# Recomend me some bulbs



## BENJY (Oct 26, 2005)

Hey folks 
looking to get rid of the dodgy orange light bulbs on my mk5 golf and as i cant quite afford to upgrade to xenons quite yet im looking to upgrade the bulbs.
So What do you all recomend?


----------



## HC1001 (May 27, 2007)

These are only sidelights but I have these in my motor, look good too.
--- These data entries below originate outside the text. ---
lemma concave_on_inverse_Icc:
  fixes g g' g'' :: "real \<Rightarrow> real"
  assumes pos: "\<forall>x\<in>{a..b}. g x > 0"
    and d1: "\<forall>x\<in>{a..b}. (g has_real_derivative g' x) (at x within {a..b})"
    and d2: "\<forall>x\<in>{a..b}. (g' has_real_derivative g'' x) (at x within {a..b})"
    and ineq: "\<forall>x\<in>{a..b}. 2 * (g' x)\<^sup>2 \<le> g x * g'' x"
  shows "concave_on {a..b} (\<lambda>x. inverse (g x))"
proof (rule concave_on_Icc_if_concave_on_Ioo)
  show "continuous_on {a..b} (\<lambda>x. inverse (g x))"
    using pos DERIV_continuous_on[of "{a..b}" g g'] d1 by (auto intro!: continuous_on_inverse)
  have deriv: "DERIV g x :> g' x" "DERIV g' x :> g'' x" if "x \<in> {a<..<b}" for x
    using d1[rule_format, of x] d2[rule_format, of x] that by (simp_all add: at_within_Icc_at)
  then show "concave_on {a<..<b} (\<lambda>x. inverse (g x))"
  proof (intro f''_le0_imp_concave[where f' = "\<lambda>x. - g' x / (g x)\<^sup>2"
        and f'' = "\<lambda>x. (2 * (g' x)\<^sup>2 - g x * g'' x) / g x ^ 3"])
    fix x assume x: "x \<in> {a<..<b}"
    then have gx: "g x > 0" using pos by auto
    show "((\<lambda>x. inverse (g x)) has_real_derivative - g' x / (g x)\<^sup>2) (at x)"
      using gx by (auto intro!: derivative_eq_intros deriv[OF x] simp: power2_eq_square divide_inverse)
    show "((\<lambda>x. - g' x / (g x)\<^sup>2) has_real_derivative (2 * (g' x)\<^sup>2 - g x * g'' x) / g x ^ 3) (at x)"
      using gx by (auto intro!: derivative_eq_intros deriv[OF x] simp: field_simps power2_eq_square power3_eq_cube)
    show "(2 * (g' x)\<^sup>2 - g x * g'' x) / g x ^ 3 \<le> 0"
      using gx ineq x by (intro divide_nonpos_pos) auto
  qed simp
qed

lemma concave_on_compose_mono:
  fixes f :: "real \<Rightarrow> real" and g :: "'a::real_vector \<Rightarrow> real"
  assumes f: "concave_on T f" "mono_on T f" and g: "concave_on S g" "g ` S \<subseteq> T"
  shows "concave_on S (\<lambda>x. f (g x))"
  unfolding concave_on_iff
proof (intro conjI ballI allI impI)
  show "convex S" using g(1) by (rule concave_on_imp_convex)
  fix x y and u v :: real
  assume xy: "x \<in> S" "y \<in> S" and uv: "0 \<le> u" "0 \<le> v" "u + v = 1"
  have T: "convex T" using f(1) by (rule concave_on_imp_convex)
  have "g x \<in> T" "g y \<in> T" using g(2) xy by auto
  then have "u * f (g x) + v * f (g y) \<le> f (u * g x + v * g y)"
    using concave_on_iff[THEN iffD1, OF f(1)] uv by simp
  also have "\<dots> \<le> f (g (u *\<^sub>R x + v *\<^sub>R y))"
  proof (rule mono_onD[OF f(2)])
    show "u * g x + v * g y \<in> T" using convexD[OF T] \<open>g x \<in> T\<close> \<open>g y \<in> T\<close> uv by simp
    show "g (u *\<^sub>R x + v *\<^sub>R y) \<in> T" using convexD[OF \<open>convex S\<close>] g(2) xy uv by auto
    show "u * g x + v * g y \<le> g (u *\<^sub>R x + v *\<^sub>R y)"
      using concave_on_iff[THEN iffD1, OF g(1)] xy uv by auto
  qed
  finally show "u * f (g x) + v * f (g y) \<le> f (g (u *\<^sub>R x + v *\<^sub>R y))" .
qed

lemma concave_on_divide_add_const:
  fixes L :: real
  assumes "0 \<le> L"
  shows "concave_on {0<..} (\<lambda>s. s / (s + L))"
proof (intro f''_le0_imp_concave[where f' = "\<lambda>s. L / (s + L)\<^sup>2" and f'' = "\<lambda>s. - 2 * L / (s + L) ^ 3"])
  fix s :: real assume "s \<in> {0<..}"
  then have s: "s + L > 0" "s + L \<noteq> 0" using assms by simp_all
  show "((\<lambda>s. s / (s + L)) has_real_derivative L / (s + L)\<^sup>2) (at s)"
    using s by (auto intro!: derivative_eq_intros simp: field_simps power2_eq_square)
  show "((\<lambda>s. L / (s + L)\<^sup>2) has_real_derivative - 2 * L / (s + L) ^ 3) (at s)"
    using s by (auto intro!: derivative_eq_intros simp: divide_simps eval_nat_numeral)
  show "- 2 * L / (s + L) ^ 3 \<le> 0"
    using s assms by (intro divide_nonpos_pos) auto
qed simp

lemma mono_on_divide_add_const:
  fixes L :: real
  assumes "0 \<le> L"
  shows "mono_on {0<..} (\<lambda>s. s / (s + L))"
proof (rule mono_onI)
  fix s t :: real assume "s \<in> {0<..}" "t \<in> {0<..}" "s \<le> t"
  moreover have "s * L \<le> t * L" using \<open>s \<le> t\<close> assms by (rule mult_right_mono)
  ultimately show "s / (s + L) \<le> t / (t + L)"
    using assms by (simp add: divide_simps algebra_simps)
qed

lemma concave_on_inverse_one_plus_mult:
  fixes g :: "'a::real_vector \<Rightarrow> real"
  assumes L: "0 \<le> L" and pos: "\<forall>x\<in>S. g x > 0" and concave: "concave_on S (\<lambda>x. inverse (g x))"
  shows "concave_on S (\<lambda>x. inverse (1 + L * g x))"
proof -
  have "(\<lambda>x. inverse (g x)) ` S \<subseteq> {0<..}" using pos by auto
  then have "concave_on S (\<lambda>x. inverse (g x) / (inverse (g x) + L))"
    by (rule concave_on_compose_mono[OF concave_on_divide_add_const[OF L] mono_on_divide_add_const[OF L] concave])
  moreover have "inverse (g x) / (inverse (g x) + L) = inverse (1 + L * g x)" if "x \<in> S" for x
    using pos[rule_format, OF that] by (simp add: field_simps)
  ultimately show ?thesis by (auto simp: concave_on_iff convex_def)
qed

lemma set_integral_id_eq_integral:
  fixes M :: "real measure" and a b :: real
  assumes "prob_space M" and sets: "sets M = sets borel" and supp: "AE x in M. x \<in> {a..b}"
  shows "integrable M (\<lambda>x. x)" and "(LINT x:{a..b}|M. x) = (LINT x|M. x)"
proof -
  interpret prob_space M by fact
  have meas: "(\<lambda>x. x) \<in> borel_measurable M"
    by (rule measurable_ident_sets[OF sets])
  have "AE x in M. norm x \<le> max \<bar>a\<bar> \<bar>b\<bar>"
    using supp by eventually_elim auto
  then show "integrable M (\<lambda>x. x)"
    by (rule integrable_const_bound) (rule meas)
  show "(LINT x:{a..b}|M. x) = (LINT x|M. x)"
    unfolding set_lebesgue_integral_def
    by (rule integral_cong_AE) (use meas sets supp in auto)
qed

lemma mean_equation_solution_nonneg:
  fixes M :: "real measure" and ht :: "real \<Rightarrow> real" and a b \<beta> L :: real
  assumes "prob_space M" and sets: "sets M = sets borel" and supp: "AE x in M. x \<in> {a..b}"
    and a: "0 < a" and \<beta>: "0 < \<beta>" and ht_pos: "\<forall>x\<in>{a..b}. 0 < ht x"
    and dom: "\<forall>x\<in>{a..b}. 0 < 1 + L * ht x"
    and eq: "(LINT x:{a..b}|M. x * (1 + \<beta>) / ((LINT x|M. x) * (1 + L * ht x))) = \<beta>"
  shows "0 \<le> L"
proof (rule ccontr)
  interpret prob_space M by fact
  assume "\<not> 0 \<le> L"
  define m where "m = (LINT x|M. x)"
  define k where "k x = x * (1 + \<beta>) / (m * (1 + L * ht x))" for x
  have int: "integrable M (\<lambda>x. x)" and set_mean: "(LINT x:{a..b}|M. x) = m"
    using set_integral_id_eq_integral[OF \<open>prob_space M\<close> sets supp] by (simp_all add: m_def)
  have "a \<le> m"
    unfolding m_def using supp by (intro integral_ge_const int) (auto elim!: eventually_mono)
  then have m: "0 < m" using a by simp
  \<comment> \<open>a non-integrable integrand would have integral \<open>0 \<noteq> \<beta>\<close>\<close>
  have k_int: "set_integrable M {a..b} k"
  proof (rule ccontr)
    assume "\<not> set_integrable M {a..b} k"
    then have "(LINT x:{a..b}|M. k x) = 0"
      unfolding set_lebesgue_integral_def set_integrable_def by (rule not_integrable_integral_eq)
    then show False using eq \<beta> by (simp add: k_def m_def)
  qed
  have k_ge: "(1 + \<beta>) / m * x \<le> k x" if "x \<in> {a..b}" for x
  proof -
    define X where "X = (1 + \<beta>) / m * x"
    have "0 \<le> X" using that a m \<beta> by (simp add: X_def)
    moreover have D: "0 < 1 + L * ht x" "1 + L * ht x \<le> 1"
      using dom ht_pos[rule_format, OF that] that mult_nonpos_nonneg[of L "ht x"] \<open>\<not> 0 \<le> L\<close> by auto
    ultimately have "X * (1 + L * ht x) \<le> X" by (simp add: mult_left_le)
    then have "X \<le> X / (1 + L * ht x)" using D by (simp add: le_divide_eq)
    then show ?thesis by (simp add: X_def k_def mult.commute)
  qed
  have id_int: "set_integrable M {a..b} (\<lambda>x. x)"
    unfolding set_integrable_def using sets int by (intro integrable_mult_indicator) auto
  have "1 + \<beta> = (LINT x:{a..b}|M. (1 + \<beta>) / m * x)"
    using set_mean m by simp
  also have "\<dots> \<le> (LINT x:{a..b}|M. k x)"
    by (rule set_integral_mono[OF set_integrable_mult_right[OF id_int] k_int k_ge])
  also have "\<dots> = \<beta>" using eq by (simp add: k_def m_def)
  finally show False by simp
qed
http://www.ultraleds.co.uk/ultimate-501t10194-watt-ultra-xenon-white-p-1684.html


----------



## IanG (Nov 21, 2007)

Osram Nightbreakers I've got them in my Leon FR should give you a whiter light and a bit more performance as they are a +90% bulb


----------



## MidlandsCarCare (Feb 18, 2006)

I want some Night Breakers, but I have to take my front bumper off


----------



## IanG (Nov 21, 2007)

RussZS said:


> I want some Night Breakers, but I have to take my front bumper off


Thats a shocker is there no access at all from the engine bay :doublesho


----------



## MidlandsCarCare (Feb 18, 2006)

Nope  I can change the indicator bulbs, but that is all.

I wanted HID's, but apparently they interfere with the radio on my car... oh joy...


----------



## nortonski (Jul 10, 2007)

Osrams are fantastic! I'm a little annoyed that I forgot to remove them from the last LC we had when I traded it in...doh...

Great bulbs though :thumb:


----------



## Copey (Aug 15, 2009)

regal do the osram, pretty cheap on there aswell, not sure what fitment you would need tho

http://www.regalautobulbs.co.uk/products/osram/nightbreaker/h1.php


----------



## Janitor (Feb 14, 2006)

Philips Extreme get good reviews :thumb:


----------



## bulbs (Apr 29, 2009)

Hi,

If you tell me the year of your Mk5 Golf ill be able to advise you what bulbs your car takes.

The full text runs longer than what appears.